The answer is to be an exact copy of the lines below running from the line with "(if marg1 FJ" down to the line with "define t where", both ends included, and nothing more.

◆ **INPUT FOR THIS TASK**

==========

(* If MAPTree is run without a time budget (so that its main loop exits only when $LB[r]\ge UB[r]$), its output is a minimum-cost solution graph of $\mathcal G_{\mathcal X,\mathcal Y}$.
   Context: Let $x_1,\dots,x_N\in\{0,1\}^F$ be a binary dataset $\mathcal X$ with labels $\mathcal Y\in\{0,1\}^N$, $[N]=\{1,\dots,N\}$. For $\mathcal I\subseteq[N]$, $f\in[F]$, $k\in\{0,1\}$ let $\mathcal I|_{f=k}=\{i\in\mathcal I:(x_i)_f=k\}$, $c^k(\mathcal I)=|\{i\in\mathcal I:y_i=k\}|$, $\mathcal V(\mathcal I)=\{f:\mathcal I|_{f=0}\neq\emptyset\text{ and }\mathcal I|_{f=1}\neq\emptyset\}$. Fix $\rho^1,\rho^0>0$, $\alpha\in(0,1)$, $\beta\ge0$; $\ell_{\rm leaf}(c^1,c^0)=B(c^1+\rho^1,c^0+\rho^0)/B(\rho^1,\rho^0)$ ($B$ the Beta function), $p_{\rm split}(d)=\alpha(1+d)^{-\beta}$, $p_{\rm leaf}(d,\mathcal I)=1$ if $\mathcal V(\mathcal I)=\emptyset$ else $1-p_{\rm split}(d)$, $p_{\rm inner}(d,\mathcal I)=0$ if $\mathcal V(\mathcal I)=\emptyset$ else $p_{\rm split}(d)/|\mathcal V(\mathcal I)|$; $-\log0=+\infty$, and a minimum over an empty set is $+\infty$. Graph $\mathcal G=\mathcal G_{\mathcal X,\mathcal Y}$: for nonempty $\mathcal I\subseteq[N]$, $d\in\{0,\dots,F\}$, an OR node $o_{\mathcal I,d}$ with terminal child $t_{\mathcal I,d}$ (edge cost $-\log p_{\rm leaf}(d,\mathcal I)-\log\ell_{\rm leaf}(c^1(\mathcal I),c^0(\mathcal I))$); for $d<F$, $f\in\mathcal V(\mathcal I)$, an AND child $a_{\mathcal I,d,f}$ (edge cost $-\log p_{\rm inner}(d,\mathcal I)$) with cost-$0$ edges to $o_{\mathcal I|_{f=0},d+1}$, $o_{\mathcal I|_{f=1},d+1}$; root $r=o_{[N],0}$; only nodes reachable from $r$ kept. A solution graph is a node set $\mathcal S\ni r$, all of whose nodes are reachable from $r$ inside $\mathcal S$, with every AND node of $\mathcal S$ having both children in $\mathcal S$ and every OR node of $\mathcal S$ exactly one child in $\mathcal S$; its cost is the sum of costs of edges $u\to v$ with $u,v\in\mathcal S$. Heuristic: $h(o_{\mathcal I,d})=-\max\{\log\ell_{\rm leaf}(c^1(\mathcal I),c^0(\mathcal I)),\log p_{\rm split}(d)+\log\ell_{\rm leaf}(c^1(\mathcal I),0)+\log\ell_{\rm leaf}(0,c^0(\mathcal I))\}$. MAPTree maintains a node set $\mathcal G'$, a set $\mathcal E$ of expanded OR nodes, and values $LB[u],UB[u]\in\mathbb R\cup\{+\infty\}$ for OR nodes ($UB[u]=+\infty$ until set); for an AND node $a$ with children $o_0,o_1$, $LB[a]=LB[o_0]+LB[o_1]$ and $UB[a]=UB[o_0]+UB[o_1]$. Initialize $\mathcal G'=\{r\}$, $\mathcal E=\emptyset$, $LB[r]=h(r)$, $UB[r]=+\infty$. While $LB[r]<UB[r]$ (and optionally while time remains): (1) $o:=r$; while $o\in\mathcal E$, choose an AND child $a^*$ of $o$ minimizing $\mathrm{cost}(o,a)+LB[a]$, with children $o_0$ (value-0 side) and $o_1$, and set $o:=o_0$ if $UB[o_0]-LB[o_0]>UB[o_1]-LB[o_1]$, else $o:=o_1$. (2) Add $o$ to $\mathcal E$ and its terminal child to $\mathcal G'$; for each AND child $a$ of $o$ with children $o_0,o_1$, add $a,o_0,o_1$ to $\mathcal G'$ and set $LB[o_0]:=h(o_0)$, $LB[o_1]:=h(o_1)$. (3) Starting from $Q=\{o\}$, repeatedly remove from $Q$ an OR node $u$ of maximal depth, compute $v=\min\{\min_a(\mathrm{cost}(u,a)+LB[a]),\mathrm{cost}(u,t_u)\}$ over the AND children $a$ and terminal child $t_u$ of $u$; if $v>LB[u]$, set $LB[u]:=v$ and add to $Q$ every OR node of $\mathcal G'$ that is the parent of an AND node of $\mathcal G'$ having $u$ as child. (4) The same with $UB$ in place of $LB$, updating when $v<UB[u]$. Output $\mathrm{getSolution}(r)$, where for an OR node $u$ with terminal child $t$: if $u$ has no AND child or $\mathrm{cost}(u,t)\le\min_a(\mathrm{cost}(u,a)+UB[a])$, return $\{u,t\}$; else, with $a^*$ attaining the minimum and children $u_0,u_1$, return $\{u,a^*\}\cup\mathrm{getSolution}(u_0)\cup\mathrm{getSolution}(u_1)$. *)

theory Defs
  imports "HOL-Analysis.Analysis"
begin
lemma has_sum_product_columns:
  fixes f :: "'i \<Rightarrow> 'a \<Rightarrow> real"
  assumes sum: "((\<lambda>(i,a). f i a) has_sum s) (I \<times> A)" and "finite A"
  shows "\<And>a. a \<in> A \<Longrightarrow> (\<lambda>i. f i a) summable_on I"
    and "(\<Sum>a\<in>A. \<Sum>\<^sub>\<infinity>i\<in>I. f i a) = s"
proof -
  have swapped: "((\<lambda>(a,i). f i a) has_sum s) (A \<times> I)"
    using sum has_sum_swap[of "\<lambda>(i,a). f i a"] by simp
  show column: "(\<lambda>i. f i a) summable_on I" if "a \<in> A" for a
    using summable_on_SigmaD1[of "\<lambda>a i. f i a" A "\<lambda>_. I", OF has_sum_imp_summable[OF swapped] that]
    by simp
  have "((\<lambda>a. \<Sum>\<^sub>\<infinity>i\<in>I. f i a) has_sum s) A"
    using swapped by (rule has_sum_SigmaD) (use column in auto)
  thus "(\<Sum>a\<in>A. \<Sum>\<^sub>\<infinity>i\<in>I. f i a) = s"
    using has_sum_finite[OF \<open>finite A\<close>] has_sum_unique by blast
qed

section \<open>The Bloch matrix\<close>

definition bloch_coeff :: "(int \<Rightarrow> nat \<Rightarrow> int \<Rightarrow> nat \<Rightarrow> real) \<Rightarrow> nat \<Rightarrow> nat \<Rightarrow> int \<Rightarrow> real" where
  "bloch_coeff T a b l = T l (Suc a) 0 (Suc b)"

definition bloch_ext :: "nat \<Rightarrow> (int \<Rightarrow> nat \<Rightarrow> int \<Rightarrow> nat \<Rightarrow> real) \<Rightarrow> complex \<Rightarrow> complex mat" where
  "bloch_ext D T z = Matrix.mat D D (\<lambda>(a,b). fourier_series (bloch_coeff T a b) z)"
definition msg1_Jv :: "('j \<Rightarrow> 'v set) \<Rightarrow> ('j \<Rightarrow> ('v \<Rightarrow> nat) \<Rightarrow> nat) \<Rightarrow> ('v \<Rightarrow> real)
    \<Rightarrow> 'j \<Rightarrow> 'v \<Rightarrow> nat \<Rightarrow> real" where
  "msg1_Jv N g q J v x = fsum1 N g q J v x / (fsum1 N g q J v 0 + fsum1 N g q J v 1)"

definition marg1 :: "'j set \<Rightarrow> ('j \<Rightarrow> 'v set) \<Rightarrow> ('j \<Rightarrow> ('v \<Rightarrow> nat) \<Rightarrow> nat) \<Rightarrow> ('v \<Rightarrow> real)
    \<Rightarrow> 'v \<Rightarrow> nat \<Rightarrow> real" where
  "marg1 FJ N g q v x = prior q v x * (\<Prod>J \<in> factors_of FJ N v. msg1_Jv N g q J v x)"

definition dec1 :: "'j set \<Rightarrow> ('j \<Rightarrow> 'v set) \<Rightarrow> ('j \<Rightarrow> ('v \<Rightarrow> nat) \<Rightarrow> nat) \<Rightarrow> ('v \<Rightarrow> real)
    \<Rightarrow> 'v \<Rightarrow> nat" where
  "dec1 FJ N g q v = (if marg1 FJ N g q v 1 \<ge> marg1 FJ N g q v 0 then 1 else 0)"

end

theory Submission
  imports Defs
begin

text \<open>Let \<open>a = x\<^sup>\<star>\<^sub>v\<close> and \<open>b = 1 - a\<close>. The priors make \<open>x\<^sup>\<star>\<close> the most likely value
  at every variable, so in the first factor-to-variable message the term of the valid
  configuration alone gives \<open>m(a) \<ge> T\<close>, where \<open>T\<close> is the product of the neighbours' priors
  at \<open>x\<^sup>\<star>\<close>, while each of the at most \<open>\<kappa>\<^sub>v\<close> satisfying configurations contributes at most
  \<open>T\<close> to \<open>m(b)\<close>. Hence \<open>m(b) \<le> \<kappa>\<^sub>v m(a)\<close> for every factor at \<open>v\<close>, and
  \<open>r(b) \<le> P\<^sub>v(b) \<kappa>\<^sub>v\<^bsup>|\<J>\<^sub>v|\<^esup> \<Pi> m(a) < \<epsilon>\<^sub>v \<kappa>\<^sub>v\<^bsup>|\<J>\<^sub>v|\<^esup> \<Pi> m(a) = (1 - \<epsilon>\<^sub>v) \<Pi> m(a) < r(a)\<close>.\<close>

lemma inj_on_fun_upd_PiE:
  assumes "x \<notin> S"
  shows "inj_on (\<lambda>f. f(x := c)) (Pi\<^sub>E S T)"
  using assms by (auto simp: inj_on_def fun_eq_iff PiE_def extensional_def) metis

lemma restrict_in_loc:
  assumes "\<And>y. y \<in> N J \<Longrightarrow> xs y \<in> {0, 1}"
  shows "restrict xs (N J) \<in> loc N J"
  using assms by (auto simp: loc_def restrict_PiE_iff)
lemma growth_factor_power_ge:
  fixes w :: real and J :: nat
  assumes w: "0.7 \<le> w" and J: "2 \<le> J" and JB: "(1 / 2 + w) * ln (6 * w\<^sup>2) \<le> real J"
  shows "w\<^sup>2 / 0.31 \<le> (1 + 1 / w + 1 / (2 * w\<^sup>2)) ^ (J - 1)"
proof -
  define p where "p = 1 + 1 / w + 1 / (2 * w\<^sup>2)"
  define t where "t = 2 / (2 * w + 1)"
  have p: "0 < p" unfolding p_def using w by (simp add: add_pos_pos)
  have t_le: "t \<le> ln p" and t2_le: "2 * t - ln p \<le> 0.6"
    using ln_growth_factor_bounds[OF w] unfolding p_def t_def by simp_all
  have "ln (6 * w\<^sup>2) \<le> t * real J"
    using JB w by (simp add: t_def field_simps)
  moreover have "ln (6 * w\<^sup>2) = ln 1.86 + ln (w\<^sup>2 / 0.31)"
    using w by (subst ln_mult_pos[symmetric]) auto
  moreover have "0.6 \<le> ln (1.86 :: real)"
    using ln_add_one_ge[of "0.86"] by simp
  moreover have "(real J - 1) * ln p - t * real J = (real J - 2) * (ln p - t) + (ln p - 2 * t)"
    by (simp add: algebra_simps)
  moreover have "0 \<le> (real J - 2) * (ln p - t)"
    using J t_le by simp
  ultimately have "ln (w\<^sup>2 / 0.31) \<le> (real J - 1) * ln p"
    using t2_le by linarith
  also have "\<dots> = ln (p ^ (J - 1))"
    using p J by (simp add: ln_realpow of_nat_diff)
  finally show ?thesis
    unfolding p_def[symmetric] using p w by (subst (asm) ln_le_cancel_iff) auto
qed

==========

◆ **ANSWER FOR THE TASK**
  "dec1 FJ N g q v = (if marg1 FJ N g q v 1 \<ge> marg1 FJ N g q v 0 then 1 else 0)"

end

theory Submission
  imports Defs
begin

text \<open>Let \<open>a = x\<^sup>\<star>\<^sub>v\<close> and \<open>b = 1 - a\<close>. The priors make \<open>x\<^sup>\<star>\<close> the most likely value
  at every variable, so in the first factor-to-variable message the term of the valid
  configuration alone gives \<open>m(a) \<ge> T\<close>, where \<open>T\<close> is the product of the neighbours' priors
  at \<open>x\<^sup>\<star>\<close>, while each of the at most \<open>\<kappa>\<^sub>v\<close> satisfying configurations contributes at most
  \<open>T\<close> to \<open>m(b)\<close>. Hence \<open>m(b) \<le> \<kappa>\<^sub>v m(a)\<close> for every factor at \<open>v\<close>, and
  \<open>r(b) \<le> P\<^sub>v(b) \<kappa>\<^sub>v\<^bsup>|\<J>\<^sub>v|\<^esup> \<Pi> m(a) < \<epsilon>\<^sub>v \<kappa>\<^sub>v\<^bsup>|\<J>\<^sub>v|\<^esup> \<Pi> m(a) = (1 - \<epsilon>\<^sub>v) \<Pi> m(a) < r(a)\<close>.\<close>

lemma inj_on_fun_upd_PiE:
  assumes "x \<notin> S"
  shows "inj_on (\<lambda>f. f(x := c)) (Pi\<^sub>E S T)"
  using assms by (auto simp: inj_on_def fun_eq_iff PiE_def extensional_def) metis

lemma restrict_in_loc:
  assumes "\<And>y. y \<in> N J \<Longrightarrow> xs y \<in> {0, 1}"
  shows "restrict xs (N J) \<in> loc N J"
  using assms by (auto simp: loc_def restrict_PiE_iff)
lemma growth_factor_power_ge:
  fixes w :: real and J :: nat
  assumes w: "0.7 \<le> w" and J: "2 \<le> J" and JB: "(1 / 2 + w) * ln (6 * w\<^sup>2) \<le> real J"
  shows "w\<^sup>2 / 0.31 \<le> (1 + 1 / w + 1 / (2 * w\<^sup>2)) ^ (J - 1)"
proof -
  define p where "p = 1 + 1 / w + 1 / (2 * w\<^sup>2)"
  define t where "t = 2 / (2 * w + 1)"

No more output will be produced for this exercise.